Exercise goal - Repeat exactly the lines below that lie between the line with "fy \<Longrightarrow> \<Omega>'" and the line with "b \<Longrightarrow> (\<phi>", counting both of those lines as part of the answer.

** Opening Available data block **

(* Let $\Omega\subset\mathbb{R}^2$ be a domain and $u\in C^{2}(\Omega)$. Let $S(u)=\{(x,y)\in\Omega:u_x-y=0,\ u_y+x=0\}$, on $\Omega\setminus S(u)$ let $N(u)=(u_x-y,u_y+x)/\sqrt{(u_x-y)^2+(u_y+x)^2}$ and $H=\operatorname{div}N(u)$. Let $$U=\begin{pmatrix}u_{xx}&u_{xy}-1\\ u_{xy}+1&u_{yy}\end{pmatrix}.$$ Let $p_0\in S(u)$ and suppose there are a constant $C>0$ and a neighborhood of $p_0$ on which $|H(p)|\le C/r(p)$ for $p\notin S(u)$, where $r(p)=|p-p_0|$. Then the following are equivalent: (1) $p_0$ is not isolated in $S(u)$; (2) $\det U(p_0)=0$; (3) there exists a small neighborhood of $p_0$ which intersects $S(u)$ in exactly a $C^{1}$ smooth curve passing through $p_0$.
   Context: $\operatorname{div}$ is the Euclidean divergence in the $xy$-plane. *)

theory Defs
  imports "HOL-Analysis.Analysis"
begin

definition px :: "(real \<times> real \<Rightarrow> real) \<Rightarrow> real \<times> real \<Rightarrow> real" where
  "px f p = deriv (\<lambda>t. f (t, snd p)) (fst p)"

definition py :: "(real \<times> real \<Rightarrow> real) \<Rightarrow> real \<times> real \<Rightarrow> real" where
  "py f p = deriv (\<lambda>t. f (fst p, t)) (snd p)"

definition has_px :: "(real \<times> real \<Rightarrow> real) \<Rightarrow> real \<times> real \<Rightarrow> bool" where
  "has_px f p \<longleftrightarrow> (\<lambda>t. f (t, snd p)) differentiable (at (fst p))"

definition has_py :: "(real \<times> real \<Rightarrow> real) \<Rightarrow> real \<times> real \<Rightarrow> bool" where
  "has_py f p \<longleftrightarrow> (\<lambda>t. f (fst p, t)) differentiable (at (snd p))"

definition C2_on :: "(real \<times> real) set \<Rightarrow> (real \<times> real \<Rightarrow> real) \<Rightarrow> bool" where
  "C2_on \<Omega> u \<longleftrightarrow>
     (\<forall>p\<in>\<Omega>. has_px u p \<and> has_py u p \<and>
              has_px (px u) p \<and> has_py (px u) p \<and> has_px (py u) p \<and> has_py (py u) p) \<and>
     continuous_on \<Omega> u \<and> continuous_on \<Omega> (px u) \<and> continuous_on \<Omega> (py u) \<and>
     continuous_on \<Omega> (px (px u)) \<and> continuous_on \<Omega> (py (px u)) \<and>
     continuous_on \<Omega> (px (py u)) \<and> continuous_on \<Omega> (py (py u))"

definition sing_set :: "(real \<times> real) set \<Rightarrow> (real \<times> real \<Rightarrow> real) \<Rightarrow> (real \<times> real) set" where
  "sing_set \<Omega> u = {p\<in>\<Omega>. px u p - snd p = 0 \<and> py u p + fst p = 0}"

definition N1 :: "(real \<times> real \<Rightarrow> real) \<Rightarrow> real \<times> real \<Rightarrow> real" where
  "N1 u p = (px u p - snd p) / sqrt ((px u p - snd p)\<^sup>2 + (py u p + fst p)\<^sup>2)"

definition N2 :: "(real \<times> real \<Rightarrow> real) \<Rightarrow> real \<times> real \<Rightarrow> real" where
  "N2 u p = (py u p + fst p) / sqrt ((px u p - snd p)\<^sup>2 + (py u p + fst p)\<^sup>2)"

text \<open>H = div N(u) (Euclidean divergence), meaningful on \<Omega> \<setminus> S(u).\<close>
definition Hcurv :: "(real \<times> real \<Rightarrow> real) \<Rightarrow> real \<times> real \<Rightarrow> real" where
  "Hcurv u p = px (N1 u) p + py (N2 u) p"

definition detU :: "(real \<times> real \<Rightarrow> real) \<Rightarrow> real \<times> real \<Rightarrow> real" where
  "detU u p = px (px u) p * py (py u) p - (py (px u) p - 1) * (py (px u) p + 1)"

definition C1_curve :: "(real \<Rightarrow> real \<times> real) \<Rightarrow> real \<Rightarrow> real \<Rightarrow> bool" where
  "C1_curve \<gamma> a b \<longleftrightarrow> a < b \<and> \<gamma> C1_differentiable_on {a<..<b} \<and>
     (\<forall>t\<in>{a<..<b}. vector_derivative \<gamma> (at t) \<noteq> 0) \<and>
     inj_on \<gamma> {a<..<b} \<and>
     continuous_on (\<gamma> ` {a<..<b}) (inv_into {a<..<b} \<gamma>)"

end

(*
  Write X = (u_x - y, u_y + x). Then S(u) is the zero set of X, the Jacobian matrix of X is U,
  and by Schwarz's theorem U - U^T = 2 J with J the rotation by a right angle.

  If det U(p0) is nonzero, the linearisation of X at p0 is invertible, so p0 is an isolated zero.

  If det U(p0) = 0, the nonzero skew part forces U(p0) to have rank one. For a unit left null
  vector b of U(p0), the component h = <b, X> has vanishing derivative at p0 while G = <J b, X>
  has a nonzero gradient, so {G = 0} is a C^1 curve through p0 by the implicit function theorem.
  The curvature is H = Q(X) / |X|^3 for a quadratic form Q depending continuously on the point,
  and at p0 it factorises as Q(X) = h (k h - 2 G). On a cone |G - t h| <= |h| / 2 around a
  suitable line this gives |Q(X)| >= c |X|^2, so the bound |H| <= C / r forces |h| >= c' r there.
  As h = o(r), moving from a point of {G = 0} with h nonzero into that cone along the gradient
  of G is impossible, hence S(u) = {G = 0} near p0.

  Conversely, a C^1 curve through p0 inside S(u) makes p0 a limit point of S(u).
*)
theory Submission
  imports Defs
begin

section \<open>Partial derivatives and strict gradients\<close>

definition has_continuous_partials ::
    "(real \<times> real) set \<Rightarrow> (real \<times> real \<Rightarrow> real) \<Rightarrow> (real \<times> real \<Rightarrow> real) \<Rightarrow> (real \<times> real \<Rightarrow> real) \<Rightarrow> bool" where
  "has_continuous_partials \<Omega> f fx fy \<longleftrightarrow>
     (\<forall>r\<in>\<Omega>. ((\<lambda>t. f (t, snd r)) has_real_derivative fx r) (at (fst r)) \<and>
            ((\<lambda>t. f (fst r, t)) has_real_derivative fy r) (at (snd r))) \<and>
     continuous_on \<Omega> fx \<and> continuous_on \<Omega> fy"

definition has_strict_gradient :: "(real \<times> real \<Rightarrow> real) \<Rightarrow> real \<times> real \<Rightarrow> real \<times> real \<Rightarrow> bool" where
  "has_strict_gradient f g p \<longleftrightarrow>
     (\<forall>e>0. \<exists>\<delta>>0. \<forall>q\<in>ball p \<delta>. \<forall>q'\<in>ball p \<delta>. \<bar>f q - f q' - g \<bullet> (q - q')\<bar> \<le> e * dist q q')"

lemma dist_Pair_le_abs_sum: "dist (a, b) (c, d) \<le> \<bar>a - c\<bar> + \<bar>b - (d::real)\<bar>"
  using sqrt_sum_squares_le_sum_abs[of "a - c" "b - d"] by (simp add: dist_Pair_Pair dist_real_def)

lemma abs_fst_diff_le_dist: "\<bar>fst q - fst q'\<bar> \<le> dist q (q' :: real \<times> real)"
  using dist_fst_le[of q q'] by (simp add: dist_real_def)

lemma abs_snd_diff_le_dist: "\<bar>snd q - snd q'\<bar> \<le> dist q (q' :: real \<times> real)"
  using dist_snd_le[of q q'] by (simp add: dist_real_def)

lemma has_continuous_partialsD:
  assumes "has_continuous_partials \<Omega> f fx fy" "r \<in> \<Omega>"
  shows "((\<lambda>t. f (t, snd r)) has_real_derivative fx r) (at (fst r))"
    and "((\<lambda>t. f (fst r, t)) has_real_derivative fy r) (at (snd r))"
  using assms unfolding has_continuous_partials_def by auto

lemma has_continuous_partials_subset:
  "has_continuous_partials \<Omega> f fx fy \<Longrightarrow> \<Omega>' \<subseteq> \<Omega> \<Longrightarrow> has_continuous_partials \<Omega>' f fx fy"
  unfolding has_continuous_partials_def by (auto intro: continuous_on_subset)

lemma has_continuous_partials_add:
  "has_continuous_partials \<Omega> f fx fy \<Longrightarrow> has_continuous_partials \<Omega> g gx gy \<Longrightarrow>
   has_continuous_partials \<Omega> (\<lambda>p. f p + g p) (\<lambda>p. fx p + gx p) (\<lambda>p. fy p + gy p)"
  unfolding has_continuous_partials_def by (auto intro!: derivative_eq_intros continuous_intros)

lemma has_continuous_partials_cmult:
  "has_continuous_partials \<Omega> f fx fy \<Longrightarrow>
   has_continuous_partials \<Omega> (\<lambda>p. c * f p) (\<lambda>p. c * fx p) (\<lambda>p. c * fy p)"
  unfolding has_continuous_partials_def by (auto intro!: derivative_eq_intros continuous_intros)

lemma has_continuous_partials_swap:
  assumes "has_continuous_partials \<Omega> f fx fy"
  shows "has_continuous_partials (prod.swap -` \<Omega>) (\<lambda>p. f (prod.swap p))
           (\<lambda>p. fy (prod.swap p)) (\<lambda>p. fx (prod.swap p))"
proof -
  have "continuous_on (prod.swap -` \<Omega>) (\<lambda>p. h (prod.swap p))" if "continuous_on \<Omega> h" for h :: "_ \<Rightarrow> real"
    by (rule continuous_on_compose2[OF that]) (auto intro: continuous_intros)
  then show ?thesis
    using assms unfolding has_continuous_partials_def by auto
qed

lemma MVT_linear_deviation:
  fixes \<phi> \<phi>' :: "real \<Rightarrow> real"
  assumes deriv: "\<And>t. min a b \<le> t \<Longrightarrow> t \<le> max a b \<Longrightarrow> (\<phi> has_real_derivative \<phi>' t) (at t)"
    and bound: "\<And>t. min a b \<le> t \<Longrightarrow> t \<le> max a b \<Longrightarrow> \<bar>\<phi>' t - L\<bar> \<le> e"
  shows "\<bar>\<phi> b - \<phi> a - L * (b - a)\<bar> \<le> e * \<bar>b - a\<bar>"
proof -
  have "\<bar>\<phi> y - \<phi> x - L * (y - x)\<bar> \<le> e * \<bar>y - x\<bar>" if "x < y" "min a b = x" "max a b = y" for x y
  proof -
    have "((\<lambda>t. \<phi> t - L * t) has_real_derivative \<phi>' t - L) (at t)" if "x \<le> t" "t \<le> y" for t
      using deriv[of t] that \<open>min a b = x\<close> \<open>max a b = y\<close> by (auto intro!: derivative_eq_intros)
    then obtain z where z: "x < z" "z < y" "\<phi> y - L * y - (\<phi> x - L * x) = (y - x) * (\<phi>' z - L)"
      using MVT2[OF \<open>x < y\<close>, of "\<lambda>t. \<phi> t - L * t" "\<lambda>t. \<phi>' t - L"] by blast
    then have "\<phi> y - \<phi> x - L * (y - x) = (y - x) * (\<phi>' z - L)"
      by (simp add: algebra_simps)
    then have "\<bar>\<phi> y - \<phi> x - L * (y - x)\<bar> = \<bar>y - x\<bar> * \<bar>\<phi>' z - L\<bar>"
      by (simp add: abs_mult)
    also have "\<dots> \<le> \<bar>y - x\<bar> * e"
      using bound[of z] z that by (intro mult_left_mono) auto
    finally show ?thesis by (simp add: mult.commute)
  qed
  from this[of a b] this[of b a] show ?thesis
    by (cases a b rule: linorder_cases) (auto simp: abs_minus_commute algebra_simps)
qed

lemma has_continuous_partials_imp_strict_gradient:
  assumes "open \<Omega>" and partials: "has_continuous_partials \<Omega> f fx fy" and "p \<in> \<Omega>"
  shows "has_strict_gradient f (fx p, fy p) p"
  unfolding has_strict_gradient_def
proof (intro allI impI)
  fix e :: real assume "e > 0"
  obtain d where d: "d > 0" "ball p d \<subseteq> \<Omega>"
    using assms(1,3) open_contains_ball by blast
  define \<phi> where "\<phi> r = \<bar>fx r - fx p\<bar> + \<bar>fy r - fy p\<bar>" for r
  have "continuous_on \<Omega> \<phi>"
    using partials unfolding has_continuous_partials_def \<phi>_def by (auto intro!: continuous_intros)
  then obtain d' where "d' > 0" "\<forall>r\<in>\<Omega>. dist r p < d' \<longrightarrow> dist (\<phi> r) (\<phi> p) < e / 2"
    using \<open>e > 0\<close> \<open>p \<in> \<Omega>\<close> unfolding continuous_on_iff by (meson half_gt_zero)
  then have d': "d' > 0"
    "\<And>r. r \<in> \<Omega> \<Longrightarrow> dist r p < d' \<Longrightarrow> \<bar>fx r - fx p\<bar> + \<bar>fy r - fy p\<bar> < e / 2"
    by (auto simp: \<phi>_def dist_real_def)
  define \<delta> where "\<delta> = min d d' / 2"
  have near: "(a, b) \<in> \<Omega> \<and> \<bar>fx (a, b) - fx p\<bar> \<le> e / 2 \<and> \<bar>fy (a, b) - fy p\<bar> \<le> e / 2"
    if "\<bar>a - fst p\<bar> < \<delta>" "\<bar>b - snd p\<bar> < \<delta>" for a b
  proof -
    have close: "dist (a, b) p < min d d'"
      using dist_Pair_le_abs_sum[of a b "fst p" "snd p"] that by (simp add: \<delta>_def)
    then have "(a, b) \<in> \<Omega>"
      using d(2) by (auto simp: dist_commute)
    moreover have "\<bar>fx (a, b) - fx p\<bar> + \<bar>fy (a, b) - fy p\<bar> < e / 2"
      using d'(2) calculation close by simp
    ultimately show ?thesis
      by (smt (verit) abs_ge_zero)
  qed
  show "\<exists>\<delta>>0. \<forall>q\<in>ball p \<delta>. \<forall>q'\<in>ball p \<delta>. \<bar>f q - f q' - (fx p, fy p) \<bullet> (q - q')\<bar> \<le> e * dist q q'"
  proof (intro exI[of _ \<delta>] conjI ballI)
    show "\<delta> > 0" using d d' by (simp add: \<delta>_def)
    fix q q' assume "q \<in> ball p \<delta>" "q' \<in> ball p \<delta>"
    then have box: "\<bar>fst q - fst p\<bar> < \<delta>" "\<bar>snd q - snd p\<bar> < \<delta>" "\<bar>fst q' - fst p\<bar> < \<delta>" "\<bar>snd q' - snd p\<bar> < \<delta>"
      using abs_fst_diff_le_dist[of _ p] abs_snd_diff_le_dist[of _ p]
      by (metis dist_commute mem_ball order_le_less_trans)+
    have between: "\<bar>t - fst p\<bar> < \<delta>" if "min (fst q') (fst q) \<le> t" "t \<le> max (fst q') (fst q)" for t
      using that box by (auto simp: abs_less_iff)
    have between': "\<bar>t - snd p\<bar> < \<delta>" if "min (snd q') (snd q) \<le> t" "t \<le> max (snd q') (snd q)" for t
      using that box by (auto simp: abs_less_iff)
    have horizontal: "\<bar>f (fst q, snd q) - f (fst q', snd q) - fx p * (fst q - fst q')\<bar> \<le> e / 2 * \<bar>fst q - fst q'\<bar>"
      using near[OF between box(2)] has_continuous_partialsD(1)[OF partials, of "(_, snd q)"]
      by (intro MVT_linear_deviation[where \<phi> = "\<lambda>t. f (t, snd q)"]) auto
    have vertical: "\<bar>f (fst q', snd q) - f (fst q', snd q') - fy p * (snd q - snd q')\<bar> \<le> e / 2 * \<bar>snd q - snd q'\<bar>"
      using near[OF box(3) between'] has_continuous_partialsD(2)[OF partials, of "(fst q', _)"]
      by (intro MVT_linear_deviation[where \<phi> = "\<lambda>t. f (fst q', t)"]) auto
    have "f q - f q' - (fx p, fy p) \<bullet> (q - q') =
        (f (fst q, snd q) - f (fst q', snd q) - fx p * (fst q - fst q')) +
        (f (fst q', snd q) - f (fst q', snd q') - fy p * (snd q - snd q'))"
      by (simp add: inner_prod_def algebra_simps)
    then have "\<bar>f q - f q' - (fx p, fy p) \<bullet> (q - q')\<bar> \<le> e / 2 * (\<bar>fst q - fst q'\<bar> + \<bar>snd q - snd q'\<bar>)"
      using horizontal vertical by (smt (verit) distrib_left)
    also have "\<dots> \<le> e / 2 * (2 * dist q q')"
      using abs_fst_diff_le_dist[of q q'] abs_snd_diff_le_dist[of q q'] \<open>e > 0\<close> by (intro mult_left_mono) auto
    finally show "\<bar>f q - f q' - (fx p, fy p) \<bullet> (q - q')\<bar> \<le> e * dist q q'" by simp
  qed
qed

** Closing Available data block **

Your solution -
  "has_continuous_partials \<Omega> f fx fy \<Longrightarrow> \<Omega>' \<subseteq> \<Omega> \<Longrightarrow> has_continuous_partials \<Omega>' f fx fy"
  unfolding has_continuous_partials_def by (auto intro: continuous_on_subset)

lemma has_continuous_partials_add:
  "has_continuous_partials \<Omega> f fx fy \<Longrightarrow> has_continuous_partials \<Omega> g gx gy \<Longrightarrow>
   has_continuous_partials \<Omega> (\<lambda>p. f p + g p) (\<lambda>p. fx p + gx p) (\<lambda>p. fy p + gy p)"
  unfolding has_continuous_partials_def by (auto intro!: derivative_eq_intros continuous_intros)

lemma has_continuous_partials_cmult:
  "has_continuous_partials \<Omega> f fx fy \<Longrightarrow>
   has_continuous_partials \<Omega> (\<lambda>p. c * f p) (\<lambda>p. c * fx p) (\<lambda>p. c * fy p)"
  unfolding has_continuous_partials_def by (auto intro!: derivative_eq_intros continuous_intros)

lemma has_continuous_partials_swap:
  assumes "has_continuous_partials \<Omega> f fx fy"
  shows "has_continuous_partials (prod.swap -` \<Omega>) (\<lambda>p. f (prod.swap p))
           (\<lambda>p. fy (prod.swap p)) (\<lambda>p. fx (prod.swap p))"
proof -
  have "continuous_on (prod.swap -` \<Omega>) (\<lambda>p. h (prod.swap p))" if "continuous_on \<Omega> h" for h :: "_ \<Rightarrow> real"
    by (rule continuous_on_compose2[OF that]) (auto intro: continuous_intros)
  then show ?thesis
    using assms unfolding has_continuous_partials_def by auto
qed

lemma MVT_linear_deviation:
  fixes \<phi> \<phi>' :: "real \<Rightarrow> real"
  assumes deriv: "\<And>t. min a b \<le> t \<Longrightarrow> t \<le> max a b \<Longrightarrow> (\<phi> has_real_derivative \<phi>' t) (at t)"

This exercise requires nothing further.